- What the exercise asks
Print the lines that run from the line with "case (elim h)" to the line with "c\<close> \<open>0 < h\<close> by simp", keeping both end lines, exactly as they appear in the entries below, and nothing else.

- Data for this task

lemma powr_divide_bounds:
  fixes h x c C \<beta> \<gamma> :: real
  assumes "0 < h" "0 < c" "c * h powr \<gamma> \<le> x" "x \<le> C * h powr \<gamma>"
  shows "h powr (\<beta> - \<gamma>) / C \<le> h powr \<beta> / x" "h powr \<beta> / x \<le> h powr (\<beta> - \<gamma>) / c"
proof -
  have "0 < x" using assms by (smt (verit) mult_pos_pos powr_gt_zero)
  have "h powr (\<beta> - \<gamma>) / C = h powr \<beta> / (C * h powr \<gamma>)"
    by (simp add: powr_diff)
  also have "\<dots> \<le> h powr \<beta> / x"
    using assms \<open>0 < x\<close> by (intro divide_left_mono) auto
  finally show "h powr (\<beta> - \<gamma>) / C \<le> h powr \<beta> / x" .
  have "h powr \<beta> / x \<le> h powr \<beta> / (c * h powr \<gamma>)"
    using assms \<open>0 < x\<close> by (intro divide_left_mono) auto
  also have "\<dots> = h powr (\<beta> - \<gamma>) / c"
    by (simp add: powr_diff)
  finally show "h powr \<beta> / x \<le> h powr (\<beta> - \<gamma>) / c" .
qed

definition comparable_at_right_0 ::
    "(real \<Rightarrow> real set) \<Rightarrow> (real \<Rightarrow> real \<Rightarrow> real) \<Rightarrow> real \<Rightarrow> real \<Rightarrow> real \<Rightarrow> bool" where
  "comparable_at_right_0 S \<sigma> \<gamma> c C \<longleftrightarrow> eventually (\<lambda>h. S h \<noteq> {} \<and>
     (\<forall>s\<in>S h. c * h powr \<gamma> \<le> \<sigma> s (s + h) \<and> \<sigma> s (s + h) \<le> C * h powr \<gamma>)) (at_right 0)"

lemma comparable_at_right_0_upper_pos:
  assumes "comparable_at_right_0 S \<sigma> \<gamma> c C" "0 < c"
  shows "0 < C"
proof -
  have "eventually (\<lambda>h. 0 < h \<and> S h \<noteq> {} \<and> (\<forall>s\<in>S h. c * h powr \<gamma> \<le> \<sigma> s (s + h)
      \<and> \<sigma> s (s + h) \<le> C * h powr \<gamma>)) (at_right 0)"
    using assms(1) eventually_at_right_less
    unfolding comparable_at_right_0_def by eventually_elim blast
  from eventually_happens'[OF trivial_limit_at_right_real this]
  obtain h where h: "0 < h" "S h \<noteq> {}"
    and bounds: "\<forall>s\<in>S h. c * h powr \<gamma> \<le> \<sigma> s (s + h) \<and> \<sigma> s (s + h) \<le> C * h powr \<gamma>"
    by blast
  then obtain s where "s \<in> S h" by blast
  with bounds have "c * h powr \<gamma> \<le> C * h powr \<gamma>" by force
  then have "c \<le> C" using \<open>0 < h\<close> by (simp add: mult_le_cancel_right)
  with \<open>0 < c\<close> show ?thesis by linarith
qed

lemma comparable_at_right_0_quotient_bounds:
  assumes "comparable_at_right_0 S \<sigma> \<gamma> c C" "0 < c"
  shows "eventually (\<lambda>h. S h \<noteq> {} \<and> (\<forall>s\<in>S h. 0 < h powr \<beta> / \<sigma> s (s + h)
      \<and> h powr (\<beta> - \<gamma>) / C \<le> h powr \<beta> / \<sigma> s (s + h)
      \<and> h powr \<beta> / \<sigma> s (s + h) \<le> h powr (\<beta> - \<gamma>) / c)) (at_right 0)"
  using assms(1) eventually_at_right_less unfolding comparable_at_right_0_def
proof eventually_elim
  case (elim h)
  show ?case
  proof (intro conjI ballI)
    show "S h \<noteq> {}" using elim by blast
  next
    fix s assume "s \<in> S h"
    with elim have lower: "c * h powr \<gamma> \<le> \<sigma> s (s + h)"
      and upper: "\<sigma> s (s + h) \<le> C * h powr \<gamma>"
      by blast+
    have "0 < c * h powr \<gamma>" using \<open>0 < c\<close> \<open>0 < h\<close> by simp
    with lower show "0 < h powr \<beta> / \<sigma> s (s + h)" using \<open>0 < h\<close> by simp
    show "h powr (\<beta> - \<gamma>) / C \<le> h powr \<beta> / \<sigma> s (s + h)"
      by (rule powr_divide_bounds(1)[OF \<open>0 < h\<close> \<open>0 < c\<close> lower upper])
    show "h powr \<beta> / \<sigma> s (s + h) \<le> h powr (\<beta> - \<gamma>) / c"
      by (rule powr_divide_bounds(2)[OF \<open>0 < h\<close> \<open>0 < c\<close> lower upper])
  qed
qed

- Solution for this task
  case (elim h)
  show ?case
  proof (intro conjI ballI)
    show "S h \<noteq> {}" using elim by blast
  next
    fix s assume "s \<in> S h"
    with elim have lower: "c * h powr \<gamma> \<le> \<sigma> s (s + h)"
      and upper: "\<sigma> s (s + h) \<le> C * h powr \<gamma>"
      by blast+
    have "0 < c * h powr \<gamma>" using \<open>0 < c\<close> \<open>0 < h\<close> by simp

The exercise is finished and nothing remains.